Pour Doukoua Godé, il est préférable de ne faire les achats que dans les supermarchés où les prix respectent certaines normes. Il conseille également les consommateurs de faire des achats groupés ce qui consiste au fait qu’une ou 2 personnes fassent des achats chez un grossiste après cotisation et le partager ensuite pour le reste du groupe.
À la Commission de la concurrence et de la lutte contre la vie chère, un agent reconnaît ce bond qu’a connu l’huile via la marque « dinor ». Selon cet agent qui a requis l’anonymat, le rôle de cette structure est plutôt de lutter « contre le monopole, les positions d’avis dominantes, les pratiques anti- concurrentielles…. c’est vrai que cela peut impacter sur le coût de la vie, mais notre impact n’est pas direct » fait-il savoir. Pour lui, ces différentes augmentations pourraient être causées par l’augmentation de certaines taxes que les commerçants répercutent sur les différents produits.
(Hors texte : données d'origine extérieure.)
lemma ti_mult_s1_twist:
  assumes "2 \<le> n"
  shows "ti * (s_inv 1 * tpow a * s 1)
       = s_inv 1 * tpow a * s 1 * ti + qdiff * (tpow a * s 1 * ti) - qdiff * (s 1 * tpow (a - 1))"
proof -
  have "ti * (s_inv 1 * tpow a * s 1 * t) * ti = ti * (t * s 1 * tpow a * s_inv 1) * ti"
    using s1_twist_t[OF assms] by simp
  then have twist: "ti * (s_inv 1 * tpow a * s 1) = s 1 * tpow a * s_inv 1 * ti"
    using t_ti ti_t by (simp add: mult.assoc) (simp flip: mult.assoc)
  have "s 1 * tpow a * s_inv 1 * ti = s 1 * tpow a * s 1 * ti - qdiff * (s 1 * tpow (a - 1))"
    unfolding s_inv_def zpow_diff_one_right[OF t_ti ti_t] by (simp add: algebra_simps qdiff_central)
  also have "s 1 * tpow a * s 1 * ti = s_inv 1 * tpow a * s 1 * ti + qdiff * (tpow a * s 1 * ti)"
    unfolding s_inv_def by (simp add: algebra_simps qdiff_central)
  finally show ?thesis unfolding twist by (simp add: algebra_simps)
qed

lemma tconj_eq_twist: "2 \<le> n \<Longrightarrow> tconj a = tail_inv 2 * (s_inv 1 * tpow a * s 1) * tail 2"
  using cox_split tail2_tpow by (simp add: tconj_def mult.assoc)

lemma tail2_conj_s1: "2 \<le> n \<Longrightarrow> tail_inv 2 * s 1 * tail 2 = cox * sprod_inv [1..<n-1]"
  using cox_split tail_inv_cox by (simp add: mult.assoc)

lemma tpow_cox_mult: "tpow b * (cox * x) = cox * (tconj b * x)"
  using tpow_cox[of b] by (metis mult.assoc)

lemma t_mult_tconj:
  assumes n: "2 \<le> n"
  shows "t * tconj a = qdiff * (cox * tconj 1 * (sprod_inv [1..<n-1] * tpow a)) + tconj a * t
                     - qdiff * (cox * tconj (a + 1) * sprod_inv [1..<n-1])"
proof -
  have "t * tconj a = tail_inv 2 * (t * (s_inv 1 * tpow a * s 1)) * tail 2"
    unfolding tconj_eq_twist[OF n] by (simp add: tail_inv2_t flip: mult.assoc)
  also have "\<dots> = qdiff * (tail_inv 2 * t * s 1 * tpow a * tail 2)
                  + tail_inv 2 * (s_inv 1 * tpow a * s 1) * t * tail 2
                  - qdiff * (tail_inv 2 * tpow (a + 1) * s 1 * tail 2)"
    unfolding t_mult_s1_twist[OF n] by (simp add: algebra_simps qdiff_central)
  also have "tail_inv 2 * t * s 1 * tpow a * tail 2 = t * (tail_inv 2 * s 1 * tail 2) * tpow a"
  proof -
    have "tail_inv 2 * t * s 1 * tpow a * tail 2 = (tail_inv 2 * t) * s 1 * (tpow a * tail 2)"
      by (simp add: mult.assoc)
    also have "\<dots> = (t * tail_inv 2) * s 1 * (tail 2 * tpow a)"
      by (simp only: tail_inv2_t tail2_tpow)
    finally show ?thesis by (simp add: mult.assoc)
  qed
  also have "tail_inv 2 * (s_inv 1 * tpow a * s 1) * t * tail 2 = tconj a * t"
    unfolding tconj_eq_twist[OF n] by (simp add: mult.assoc tail2_t)
  also have "tail_inv 2 * tpow (a + 1) * s 1 * tail 2 = tpow (a + 1) * (tail_inv 2 * s 1 * tail 2)"
    by (simp add: mult.assoc tail_inv2_tpow)
  finally show ?thesis
    unfolding tail2_conj_s1[OF n]
    by (simp only: mult.assoc tpow_cox_mult tpow_cox_mult[of 1, unfolded zpow_one])
qed

lemma ti_mult_tconj:
  assumes n: "2 \<le> n"
  shows "ti * tconj a = tconj a * ti + qdiff * (cox * tconj a * (sprod_inv [1..<n-1] * ti))
                      - qdiff * (cox * tconj 0 * (sprod_inv [1..<n-1] * tpow (a - 1)))"
proof -
  have "ti * tconj a = tail_inv 2 * (ti * (s_inv 1 * tpow a * s 1)) * tail 2"
    unfolding tconj_eq_twist[OF n] by (simp add: tail_inv2_ti flip: mult.assoc)
  also have "\<dots> = tail_inv 2 * (s_inv 1 * tpow a * s 1) * ti * tail 2
                  + qdiff * (tail_inv 2 * tpow a * s 1 * ti * tail 2)
                  - qdiff * (tail_inv 2 * s 1 * tpow (a - 1) * tail 2)"
    unfolding ti_mult_s1_twist[OF n] by (simp add: algebra_simps qdiff_central)
  also have "tail_inv 2 * (s_inv 1 * tpow a * s 1) * ti * tail 2 = tconj a * ti"
    unfolding tconj_eq_twist[OF n] by (simp add: mult.assoc tail2_ti)
  also have "tail_inv 2 * tpow a * s 1 * ti * tail 2 = tpow a * (tail_inv 2 * s 1 * tail 2) * ti"
    by (simp add: mult.assoc tail2_ti) (simp add: tail_inv2_tpow flip: mult.assoc)
  also have "tail_inv 2 * s 1 * tpow (a - 1) * tail 2 = (tail_inv 2 * s 1 * tail 2) * tpow (a - 1)"
    by (simp add: mult.assoc tail2_tpow)
  finally show ?thesis
    unfolding tail2_conj_s1[OF n]
    by (simp only: mult.assoc tpow_cox_mult tconj_zero mult_1_left)
qed

section \<open>A spanning set\<close>

definition Wtilde :: "'r set" where "Wtilde = alg_gen \<phi> (coeffA m) ({t, ti} \<union> s ` {1..<n-1})"

lemma Wtilde_t: "t \<in> Wtilde" and Wtilde_ti: "ti \<in> Wtilde"
  unfolding Wtilde_def by (auto intro: alg_gen.gen)

lemma Wtilde_s: "1 \<le> i \<Longrightarrow> i \<le> n - 2 \<Longrightarrow> s i \<in> Wtilde"
  unfolding Wtilde_def by (auto intro: alg_gen.gen)

lemma Wtilde_one: "1 \<in> Wtilde"
  unfolding Wtilde_def using alg_gen.scal[OF coeffA_one] phi_one by metis

lemma Wtilde_mult: "x \<in> Wtilde \<Longrightarrow> y \<in> Wtilde \<Longrightarrow> x * y \<in> Wtilde"
  unfolding Wtilde_def by (rule alg_gen.mult)

lemma Wtilde_s_inv: "1 \<le> i \<Longrightarrow> i \<le> n - 2 \<Longrightarrow> s_inv i \<in> Wtilde"
proof -
  assume i: "1 \<le> i" "i \<le> n - 2"
  have "s_inv i = s i + \<phi> (- (qq - qq_inv))"
    unfolding s_inv_def qdiff_def using phi_uminus[OF qdiff_coeff] by simp
  then show ?thesis using Wtilde_s[OF i] alg_gen.scal[OF uminus_mem[OF qdiff_coeff]] alg_gen.add
    unfolding Wtilde_def by metis
qed

lemma Wtilde_sprod: "\<forall>i\<in>set xs. 1 \<le> i \<and> i \<le> n - 2 \<Longrightarrow> sprod xs \<in> Wtilde"
  by (induction xs) (simp_all add: Wtilde_mult Wtilde_s Wtilde_one)

lemma Wtilde_sprod_inv: "\<forall>i\<in>set xs. 1 \<le> i \<and> i \<le> n - 2 \<Longrightarrow> sprod_inv xs \<in> Wtilde"
  by (induction xs) (simp_all add: Wtilde_mult Wtilde_s_inv Wtilde_one)

lemma Wtilde_tpow: "tpow a \<in> Wtilde"
proof -
  have "t ^ k \<in> Wtilde" "ti ^ k \<in> Wtilde" for k
    by (induction k) (auto intro: Wtilde_mult Wtilde_one Wtilde_t Wtilde_ti)
  then show ?thesis unfolding zpow_def by simp
qed

lemma Wtilde_sprod_inv_cox: "sprod_inv [1..<n-1] \<in> Wtilde"
  by (rule Wtilde_sprod_inv) auto

definition gens :: "'r set" where
  "gens = {tail k * tconj a * w | k a w. 1 \<le> k \<and> k \<le> n \<and> w \<in> Wtilde}"

abbreviation gen_span :: "'r set" where "gen_span \<equiv> lin_span \<phi> (coeffA m) gens"

lemma gens_in_span: "1 \<le> k \<Longrightarrow> k \<le> n \<Longrightarrow> w \<in> Wtilde \<Longrightarrow> tail k * tconj a * w \<in> gen_span"
  by (rule lin_span_base) (auto simp: gens_def)

lemma tail_tconj_in_span: "1 \<le> k \<Longrightarrow> k \<le> n \<Longrightarrow> tail k * tconj a \<in> gen_span"
  using gens_in_span[OF _ _ Wtilde_one] by simp

lemma gen_span_mult_Wsub:
  assumes "x \<in> gen_span" and w: "w \<in> Wtilde"
  shows "x * w \<in> gen_span"
  using assms(1)
proof (rule lin_span_mult_right)
  fix b assume "b \<in> gens"
  then obtain k a w' where "b = tail k * tconj a * w'" "1 \<le> k" "k \<le> n" "w' \<in> Wtilde"
    unfolding gens_def by blast
  then show "b * w \<in> gen_span"
    using gens_in_span[OF _ _ Wtilde_mult[OF _ w], of k w' a] by (simp add: mult.assoc)
qed

lemma gen_span_mult_left:
  assumes "\<And>k a. 1 \<le> k \<Longrightarrow> k \<le> n \<Longrightarrow> g * (tail k * tconj a) \<in> gen_span"
    and "x \<in> gen_span"
  shows "g * x \<in> gen_span"
  using assms(2)
proof (rule lin_span_mult_left)
  fix b assume "b \<in> gens"
  then obtain k a w where "b = tail k * tconj a * w" "1 \<le> k" "k \<le> n" "w \<in> Wtilde"
    unfolding gens_def by blast
  then show "g * b \<in> gen_span" using gen_span_mult_Wsub[OF assms(1)] by (simp add: mult.assoc)
qed

lemma tail_cox_tconj_in_span:
  assumes k: "2 \<le> k" "k \<le> n" and w: "w \<in> Wtilde"
  shows "tail k * (cox * tconj b * w) \<in> gen_span"
proof -
  have comm: "tconj b * sprod [k-1..<n-1] = sprod [k-1..<n-1] * tconj b"
    by (rule prod_list_commute) (use k s_tconj_commute in auto)
  have "tail k * (cox * tconj b * w) = cox * tconj b * (sprod [k-1..<n-1] * w)"
    using tail_cox[OF k] comm by (simp flip: mult.assoc) (simp add: mult.assoc)
  moreover have "sprod [k-1..<n-1] * w \<in> Wtilde"
    using k by (intro Wtilde_mult[OF Wtilde_sprod w]) auto
  ultimately show ?thesis using gens_in_span[of 1] k by simp
qed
« C’est l’Etat qui doit intervenir… Il y a souvent des situations transversales qui concernent plusieurs ministères. Si le ministère de l’Economie et des Finances augmente par exemple les impôts, que peut faire le ministre du Commerce? », s’interroge la source. Mais, il fait cas également de la loi de l’offre et de la demande qui pourrait être un facteur d’augmentation de ces produits.
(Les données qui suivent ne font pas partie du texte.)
lemma chain_edges_insert_iff:
  assumes "k \<ge> 3" "u div k \<notin> {j, Suc j}"
  shows "{u, w} \<in> chain_edges k m (insert j J) \<longleftrightarrow> {u, w} \<in> chain_edges k m J"
  unfolding mem_chain_edges using chain_adj_insert_iff[OF assms(1)] assms(2) by blast

lemma alg_output_chain_eq_far_from_link:
  assumes k: "k \<ge> 3" and J: "insert j J \<subseteq> {..<m}"
    and halts: "A n h (view (chain_edges k m J) idf h v) \<noteq> None"
    and far: "v div k + h < j \<or> Suc j + h < v div k"
  shows "alg_output A n (chain_edges k m (insert j J)) idf v = alg_output A n (chain_edges k m J) idf v"
proof (rule alg_output_eq_if_edges_agree[where R = "{u. u div k \<notin> {j, Suc j}}"])
  show "simple_graph (chain_vertices k m) (chain_edges k m J)"
    "simple_graph (chain_vertices k m) (chain_edges k m (insert j J))"
    using J k by (auto intro: simple_graph_chain)
  show "{u, w} \<in> chain_edges k m (insert j J) \<longleftrightarrow> {u, w} \<in> chain_edges k m J"
    if "u \<in> {u. u div k \<notin> {j, Suc j}}" for u w
    using chain_edges_insert_iff[OF k] that by blast
  show "ball (chain_edges k m J) v h \<subseteq> {u. u div k \<notin> {j, Suc j}}"
    using ball_potential_bound[of "chain_edges k m J" "\<lambda>u. u div k", OF chain_edge_div_le_Suc[OF k]]
      far by fastforce
qed (rule halts)

lemma alg_output_chain_ends_eq:
  assumes d: "d \<ge> 1" and k: "k \<ge> 3" and sol: "solves d k A"
    and fast: "T d k A (card (chain_vertices k (2 * t + 3))) \<le> t"
    and v: "v \<in> {hub k 0, hub k (2 * t + 3)}"
  shows "alg_output A (card (chain_vertices k (2 * t + 3))) (chain_edges k (2 * t + 3) {Suc t}) Suc v =
    alg_output A (card (chain_vertices k (2 * t + 3))) (chain_edges k (2 * t + 3) {}) Suc v"
proof -
  define m where "m = 2 * t + 3"
  let ?V = "chain_vertices k m"
  let ?n = "card ?V"
  let ?h = "halt_time A ?n (chain_edges k m {}) Suc v"
  have G: "simple_graph ?V (chain_edges k m {})" "partially_colorable k k ?V (chain_edges k m {})"
    using simple_graph_chain[OF _ k] partially_colorable_chain[OF k] by simp_all
  note ids = valid_ids_chain_Suc[OF d, of k m]
  have "v \<in> ?V" using v hub_mem unfolding m_def by auto
  then have "?h \<le> rounds A ?V (chain_edges k m {}) Suc"
    by (intro halt_time_le_rounds) (simp add: chain_vertices_def)
  also have "\<dots> \<le> T d k A ?n" by (rule rounds_le_T[OF G(1) refl ids G(2)])
  also have "\<dots> \<le> t" using fast unfolding m_def .
  finally have "?h \<le> t" .
  have "alg_output A ?n (chain_edges k m (insert (Suc t) {})) Suc v = alg_output A ?n (chain_edges k m {}) Suc v"
  proof (rule alg_output_chain_eq_far_from_link[OF k])
    show "insert (Suc t) {} \<subseteq> {..<m}" unfolding m_def by simp
    show "A ?n ?h (view (chain_edges k m {}) Suc ?h v) \<noteq> None"
      by (rule solves_halts[OF sol G(1) ids G(2) \<open>v \<in> ?V\<close>])
    show "v div k + ?h < Suc t \<or> Suc (Suc t) + ?h < v div k"
      using v \<open>?h \<le> t\<close> k unfolding m_def by auto
  qed
  then show ?thesis unfolding m_def by simp
qed

lemma T_lower_bound:
  assumes d: "d \<ge> 1" and k: "k \<ge> 3" and sol: "solves d k A"
  shows "Suc t \<le> T d k A ((2 * t + 3) * k + 1)"
proof (rule ccontr)
  define m where "m = 2 * t + 3"
  let ?\<gamma> = "\<lambda>J. alg_output A (card (chain_vertices k m)) (chain_edges k m J) Suc"
  assume "\<not> Suc t \<le> T d k A ((2 * t + 3) * k + 1)"
  then have far: "?\<gamma> {Suc t} v = ?\<gamma> {} v" if "v \<in> {hub k 0, hub k m}" for v
    using alg_output_chain_ends_eq[OF d k sol _ that[unfolded m_def]]
    unfolding card_chain_vertices m_def by simp
  have coloring: "partial_coloring k k (chain_vertices k m) (chain_edges k m J) (?\<gamma> J)"
    if "J \<subseteq> {..<m}" for J
    using sol simple_graph_chain[OF that k] valid_ids_chain_Suc[OF d] partially_colorable_chain[OF k]
    unfolding solves_def by blast
  have "?\<gamma> {} (hub k 0) = ?\<gamma> {} (hub k m)"
    by (rule hubs_same_color_along_chain[OF coloring k]) auto
  moreover have "?\<gamma> {Suc t} (hub k 0) = ?\<gamma> {Suc t} (hub k (Suc t))"
      and "?\<gamma> {Suc t} (hub k (Suc (Suc t))) = ?\<gamma> {Suc t} (hub k m)"
    by (rule hubs_same_color_along_chain[OF coloring k]; use m_def in auto)+
  moreover have "?\<gamma> {Suc t} (hub k (Suc t)) \<noteq> ?\<gamma> {Suc t} (hub k (Suc (Suc t)))"
    by (rule hubs_differ_across_link[OF coloring k]) (auto simp: m_def)
  ultimately show False using far by simp
qed

theorem theorem2:
  fixes d k :: nat and A :: algorithm
  assumes "d \<ge> 1" and "k \<ge> 3" and "solves d k A"
  shows "(\<lambda>n. real (T d k A n)) \<notin> o(\<lambda>n. real n / real k ^ 3)"
proof
  have k: "real k > 0" using assms(2) by simp
  assume "(\<lambda>n. real (T d k A n)) \<in> o(\<lambda>n. real n / real k ^ 3)"
  from landau_o.smallD[OF this, of "real k ^ 2 / 8"] k
  have "\<forall>\<^sub>F n in at_top. real (T d k A n) \<le> real n / (8 * real k)"
    by (simp add: power2_eq_square power3_eq_cube field_simps)
  then obtain N where N: "\<And>n. n \<ge> N \<Longrightarrow> real (T d k A n) \<le> real n / (8 * real k)"
    unfolding eventually_at_top_linorder by blast
  define n where "n = (2 * N + 3) * k + 1"
  have "N \<le> (2 * N + 3) * 1" by simp
  also have "\<dots> \<le> n" using assms(2) unfolding n_def by (intro trans_le_add1 mult_le_mono2) simp
  finally have "N \<le> n" .
  have "real (Suc N) \<le> real (T d k A n)"
    using T_lower_bound[OF assms, of N] unfolding n_def by simp
  also have "\<dots> \<le> real n / (8 * real k)" using N[OF \<open>N \<le> n\<close>] .
  also have "\<dots> \<le> (2 * real N + 4) * real k / (8 * real k)"
    using k by (intro divide_right_mono) (simp_all add: n_def algebra_simps)
  also have "\<dots> = (real N + 2) / 4" using k by (simp add: field_simps)
  finally show False by simp
qed

end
Du côté de « dinor », une des marques d’huile de consommation ménagère, on se défend. « Il y a une augmentation du coût de la palme depuis décembre 2016. Le prix du produit fini a donc connu une hausse. Nous espérons que cela se régularise au plus tôt pour notre satisfaction à tous », explique une source.
Le Conseil national de la lutte contre la vie chère, lui, après constat de la hausse du prix dit avoir mené son enquête auprès des industriels conformément à ses missions. « Notre rôle est de rencontrer les industriels comprendre les difficultés qu’ils rencontrent et y apporter une réponse quand cela résulte du rôle de l’Etat ou lorsque l’Etat est en mesure d’intervenir sur l’élément bloquant » explique à Politikafrique.info Dr Bah-Koné, secrétaire technique.
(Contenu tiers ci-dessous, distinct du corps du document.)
lemma has_integral_inv_sqrt_abs_diff:
  fixes c t\<^sub>0 :: real
  assumes "0 < c"
  shows "((\<lambda>t. 1 / sqrt \<bar>t - t\<^sub>0\<bar>) has_integral 2 * sqrt (c - t\<^sub>0) + 2 * sqrt (c + t\<^sub>0)) {-c..c}"
proof -
  have "((\<lambda>t. 1 / sqrt \<bar>t - t\<^sub>0\<bar>) has_integral 2 * sqrt (c - t\<^sub>0) - 2 * sqrt (- c - t\<^sub>0)) {-c..c}"
  proof (rule fundamental_theorem_of_calculus_interior_strong[where S = "{t\<^sub>0}"])
    fix x assume x: "x \<in> {-c<..<c} - {t\<^sub>0}"
    have "(sqrt has_real_derivative 1 / (2 * sqrt \<bar>x - t\<^sub>0\<bar>)) (at (x - t\<^sub>0))"
    proof (rule DERIV_real_sqrt_generic)
      assume "x - t\<^sub>0 < 0"
      then show "1 / (2 * sqrt \<bar>x - t\<^sub>0\<bar>) = - inverse (sqrt (x - t\<^sub>0)) / 2"
        using real_sqrt_minus[of "t\<^sub>0 - x"] by (simp add: divide_simps)
    qed (use x in \<open>auto simp: divide_simps\<close>)
    moreover have "((\<lambda>t. t - t\<^sub>0) has_real_derivative 1) (at x)"
      by (auto intro!: derivative_eq_intros)
    ultimately have "((\<lambda>t. sqrt (t - t\<^sub>0)) has_real_derivative 1 / (2 * sqrt \<bar>x - t\<^sub>0\<bar>)) (at x)"
      using DERIV_chain2 by fastforce
    from DERIV_cmult[OF this, of 2]
    show "((\<lambda>t. 2 * sqrt (t - t\<^sub>0)) has_vector_derivative 1 / sqrt \<bar>x - t\<^sub>0\<bar>) (at x)"
      by (simp add: has_real_derivative_iff_has_vector_derivative)
  next
    show "continuous_on {-c..c} (\<lambda>t. 2 * sqrt (t - t\<^sub>0))"
      by (intro continuous_intros)
  qed (use assms in auto)
  then show ?thesis
    using real_sqrt_minus[of "c + t\<^sub>0"] by (simp add: algebra_simps)
qed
Selon ce conseil, cette situation est indépendante des industriels qui évoquent « une hausse du prix de la graine bord champ », leur matière première au niveau national mais également international due à une baisse de prévision de 2017, ce qui a impacté toute la chaîne. En Côte d’Ivoire le problème s’explique par le fait que les plantations sont vieillissantes d’où la baisse de la production. « Ici, le problème n’est pas structurel mais plutôt conjoncturel ce qui fait que l’offre a diminué. Mais, cela ne va pas durer. Nous pensons qu’avec les nouvelles récoltes qui seront meilleures, nous pourrions revenir à des prix normaux », espère Dr Bah-Koné.
Le conseil national de la lutte contre la vie chère est une organisation transversale regroupant 30 structures du public et du privé. Il a été mis en place en 2014. Son rôle est de lutter contre la vie chère et le bien-être des populations.